Eigenvalues and eigenvectors are properties of a square matrix that help to understand linear transformations. Eigenvalues are scalars associated with a matrix, and eigenvectors are the vectors that do not change direction when the matrix is applied to them, only their magnitude is scaled by the corresponding eigenvalue.

In the code:
```python
print(eig(matrix))
```

The `eig(matrix)` function returns two values:
- The first array contains the **eigenvalues**.
- The second array contains the **eigenvectors**.

For the matrix:

$$\text{matrix} = \begin{bmatrix} 1 & 2 \\ 3 & 4 \end{bmatrix}$$


The eigenvalues and eigenvectors are calculated as:
```python
eigenvalues, eigenvectors = eig(matrix)
```

Output might look like:
```
Eigenvalues: [5.37228132 -0.37228132]
Eigenvectors: [[ 0.41597356 -0.82456484]
               [ 0.90937671  0.56576746]]
```

- **Eigenvalues**: `[5.37, -0.37]`
- **Eigenvectors**:
    
   $$ \begin{bmatrix} 0.415 & -0.824 \\ 0.909 & 0.566 \end{bmatrix}$$
   

#### Summary:

- **`det(matrix)`** computes the determinant of the matrix. If the determinant is non-zero, the matrix is invertible.
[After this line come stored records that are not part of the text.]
lemma computable_rec_nat:
  assumes base: "computable n base" and step: "computable (n + 2) step"
    and h: "\<And>m ys. length ys = n \<Longrightarrow> h (m # ys) = rec_nat (base ys) (\<lambda>m y. step (m # y # ys)) m"
  shows "computable (n + 1) h"
proof -
  obtain f where f: "\<forall>xs. length xs = n \<longrightarrow> reval f xs (base xs)"
    using base unfolding computable_def by auto
  obtain g where g: "\<forall>xs. length xs = n + 2 \<longrightarrow> reval g xs (step xs)"
    using step unfolding computable_def by auto
  have rec: "reval (PrimRec f g) (m # ys) (rec_nat (base ys) (\<lambda>m y. step (m # y # ys)) m)"
    if "length ys = n" for m ys
  proof (induction m)
    case 0
    then show ?case using f that by (simp add: reval.pr0)
  next
    case (Suc m)
    then show ?case using reval.prS[OF Suc] g that by simp
  qed
  show ?thesis unfolding computable_def
  proof (intro exI allI impI)
    fix xs :: "nat list"
    assume "length xs = n + 1"
    then obtain m ys where "xs = m # ys" "length ys = n" by (cases xs) auto
    then show "reval (PrimRec f g) xs (h xs)" using rec h by simp
  qed
qed

lemma computable_Least:
  assumes g: "computable (Suc n) G" and ex: "\<And>xs. length xs = n \<Longrightarrow> \<exists>y. G (y # xs) = 0"
  shows "computable n (\<lambda>xs. LEAST y. G (y # xs) = 0)"
proof -
  obtain f where f: "\<forall>xs. length xs = Suc n \<longrightarrow> reval f xs (G xs)"
    using g unfolding computable_def by auto
  show ?thesis unfolding computable_def
  proof (intro exI allI impI)
    fix xs :: "nat list"
    assume l: "length xs = n"
    let ?y = "LEAST y. G (y # xs) = 0"
    have "G (?y # xs) = 0" using ex[OF l] by (rule LeastI_ex)
    moreover have "reval f (?y # xs) (G (?y # xs))" using f l by simp
    ultimately have "reval f (?y # xs) 0" by simp
    moreover have "\<exists>v. 0 < v \<and> reval f (z # xs) v" if "z < ?y" for z
      using not_less_Least[OF that] f l by (intro exI[of _ "G (z # xs)"]) auto
    ultimately show "reval (Mn f) xs ?y" by (intro reval.mn) auto
  qed
qed

lemma computable_const: "computable n (\<lambda>_. c)"
proof (induction c)
  case 0
  show ?case by (rule computable_zero)
next
  case (Suc c)
  from computable_comp1[OF computable_Suc_nth_0 Suc] show ?case by simp
qed

lemma computable_Suc: "computable n a \<Longrightarrow> computable n (\<lambda>xs. Suc (a xs))"
  using computable_comp1[OF computable_Suc_nth_0] by simp

lemma computable_add:
  assumes "computable n a" and "computable n b"
  shows "computable n (\<lambda>xs. a xs + b xs)"
proof -
  have "rec_nat q (\<lambda>m y. Suc y) p = p + q" for p q :: nat by (induction p) auto
  then have "computable (1 + 1) (\<lambda>xs. xs ! 0 + xs ! 1)"
    by (intro computable_rec_nat[where base="\<lambda>ys. ys ! 0" and step="\<lambda>ys. Suc (ys ! 1)"]
        computable_Suc computable_nth) (auto simp: length_Suc_conv)
  then have "computable 2 (\<lambda>xs. xs ! 0 + xs ! 1)" by (simp add: numeral_2_eq_2)
  from computable_comp2[OF this assms] show ?thesis by simp
qed

lemma computable_mult:
  assumes "computable n a" and "computable n b"
  shows "computable n (\<lambda>xs. a xs * b xs)"
proof -
  have "rec_nat 0 (\<lambda>m y. y + q) p = p * q" for p q :: nat by (induction p) auto
  then have "computable (1 + 1) (\<lambda>xs. xs ! 0 * xs ! 1)"
    by (intro computable_rec_nat[where base="\<lambda>ys. 0" and step="\<lambda>ys. ys ! 1 + ys ! 2"]
        computable_zero computable_add computable_nth) (auto simp: length_Suc_conv)
  then have "computable 2 (\<lambda>xs. xs ! 0 * xs ! 1)" by (simp add: numeral_2_eq_2)
  from computable_comp2[OF this assms] show ?thesis by simp
qed

lemma computable_diff:
  assumes "computable n a" and "computable n b"
  shows "computable n (\<lambda>xs. a xs - b xs)"
proof -
  have "rec_nat 0 (\<lambda>m y. m) p = p - 1" for p :: nat by (cases p) auto
  then have "computable (0 + 1) (\<lambda>xs. xs ! 0 - 1)"
    by (intro computable_rec_nat[where base="\<lambda>ys. 0" and step="\<lambda>ys. ys ! 0"]
        computable_zero computable_nth) (auto simp: length_Suc_conv)
  then have "computable 1 (\<lambda>xs. xs ! 0 - 1)" by simp
  from computable_comp1[OF this computable_nth[of 1 3]]
  have pred: "computable 3 (\<lambda>ys. ys ! 1 - 1)" by simp
  have "rec_nat q (\<lambda>m y. y - 1) p = q - p" for p q :: nat by (induction p) auto
  then have "computable (1 + 1) (\<lambda>xs. xs ! 1 - xs ! 0)"
    by (intro computable_rec_nat[where base="\<lambda>ys. ys ! 0" and step="\<lambda>ys. ys ! 1 - 1"]
        computable_nth) (use pred in \<open>auto simp: length_Suc_conv numeral_3_eq_3\<close>)
  then have "computable 2 (\<lambda>xs. xs ! 1 - xs ! 0)" by (simp add: numeral_2_eq_2)
  from computable_comp2[OF this assms(2,1)] show ?thesis by simp
qed

lemma computable_If_zero:
  assumes "computable n a" and "computable n b" and "computable n c"
  shows "computable n (\<lambda>xs. if a xs = 0 then b xs else c xs)"
proof -
  have "rec_nat q (\<lambda>m y. r) p = (if p = 0 then q else r)" for p q r :: nat by (cases p) auto
  then have "computable (2 + 1) (\<lambda>xs. if xs ! 0 = 0 then xs ! 1 else xs ! 2)"
    by (intro computable_rec_nat[where base="\<lambda>ys. ys ! 0" and step="\<lambda>ys. ys ! 3"]
        computable_nth) (auto simp: length_Suc_conv)
  then have "computable 3 (\<lambda>xs. if xs ! 0 = 0 then xs ! 1 else xs ! 2)" by simp
  from computable_comp3[OF this assms] show ?thesis by (rule computable_cong) simp
qed

lemma computable_triangle:
  assumes "computable n a"
  shows "computable n (\<lambda>xs. triangle (a xs))"
proof -
  have "rec_nat 0 (\<lambda>m y. y + Suc m) p = triangle p" for p by (induction p) auto
  then have "computable (0 + 1) (\<lambda>xs. triangle (xs ! 0))"
    by (intro computable_rec_nat[where base="\<lambda>ys. 0" and step="\<lambda>ys. ys ! 1 + Suc (ys ! 0)"]
        computable_zero computable_add computable_Suc computable_nth) (auto simp: length_Suc_conv)
  then have "computable 1 (\<lambda>xs. triangle (xs ! 0))" by simp
  from computable_comp1[OF this assms] show ?thesis by simp
qed

lemma computable_Least_unary:
  assumes "computable 2 (\<lambda>ys. G (ys ! 0) (ys ! 1))" and "\<And>x. \<exists>y. G y x = 0"
    and "computable n a"
  shows "computable n (\<lambda>xs. LEAST y. G y (a xs) = 0)"
proof -
  have "computable 1 (\<lambda>xs. LEAST y. G ((y # xs) ! 0) ((y # xs) ! 1) = 0)"
    using assms(1,2)
    by (intro computable_Least[where G="\<lambda>ys. G (ys ! 0) (ys ! 1)"])
      (auto simp: numeral_2_eq_2 length_Suc_conv)
  then have "computable 1 (\<lambda>xs. LEAST y. G y (xs ! 0) = 0)" by simp
  from computable_comp1[OF this assms(3)] show ?thesis by simp
qed

lemma computable_prod_encode:
  assumes "computable n a" and "computable n b"
  shows "computable n (\<lambda>xs. prod_encode (a xs, b xs))"
proof -
  have "computable n (\<lambda>xs. triangle (a xs + b xs) + a xs)"
    by (intro computable_add computable_triangle assms)
  then show ?thesis by (simp add: prod_encode_def)
qed

lemma less_triangle_Suc: "m < triangle (Suc m)"
  by (induction m) auto

text \<open>The index of the diagonal of the Cantor pairing on which \<open>m\<close> lies.\<close>
definition triangle_root :: "nat \<Rightarrow> nat" where
  "triangle_root m = (LEAST s. m < triangle (Suc s))"

lemma triangle_root_bounds: "triangle (triangle_root m) \<le> m \<and> m < triangle (Suc (triangle_root m))"
proof -
  have upper: "m < triangle (Suc (triangle_root m))"
    unfolding triangle_root_def using less_triangle_Suc by (rule LeastI)
  have "triangle (triangle_root m) \<le> m"
  proof (cases "triangle_root m")
    case (Suc s)
    then have "s < triangle_root m" by simp
    then have "\<not> m < triangle (Suc s)"
      unfolding triangle_root_def by (rule not_less_Least)
    then show ?thesis using Suc by simp
  qed simp
  with upper show ?thesis by simp
qed

lemma prod_decode_triangle_root:
  "prod_decode m = (m - triangle (triangle_root m), triangle_root m - (m - triangle (triangle_root m)))"
proof -
  let ?s = "triangle_root m"
  have "triangle ?s \<le> m" "m < triangle ?s + Suc ?s" using triangle_root_bounds[of m] by auto
  then have "prod_encode (m - triangle ?s, ?s - (m - triangle ?s)) = m"
    by (simp add: prod_encode_def)
  then show ?thesis by (metis prod_encode_inverse)
qed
- **`inv(matrix)`** computes the inverse of the matrix. The inverse exists only if the determinant is non-zero.

- **`eig(matrix)`** computes the eigenvalues and eigenvectors of the matrix, which describe its transformation properties in linear algebra.



#### Random Numbers with NumPy
NumPy has a submodule np.random for generating random numbers, useful for simulations and testing machine learning models.


In [24]:
# Generate an array of random numbers
random_numbers = np.random.rand(5)
print(random_numbers)

# Generate a 2D array of random integers between 1 and 10
random_integers = np.random.randint(1, 10, (3, 3))
print(random_integers)

# Set a seed for reproducibility
np.random.seed(42)
print(np.random.rand(3))  # Same result each time


[0.19639042 0.35444646 0.81336595 0.24784955 0.45861133]
[[2 9 3]
 [1 6 7]
 [2 6 6]]
[0.37454012 0.95071431 0.73199394]


##### Conclusion
NumPy is the backbone of numerical computation in Python and plays a crucial role in data science and machine learning. Its ability to handle arrays, perform mathematical operations, and interact with other libraries makes it indispensable for data scientists. Understanding NumPy is essential for mastering data manipulation and performing efficient numerical computations in your data science journey.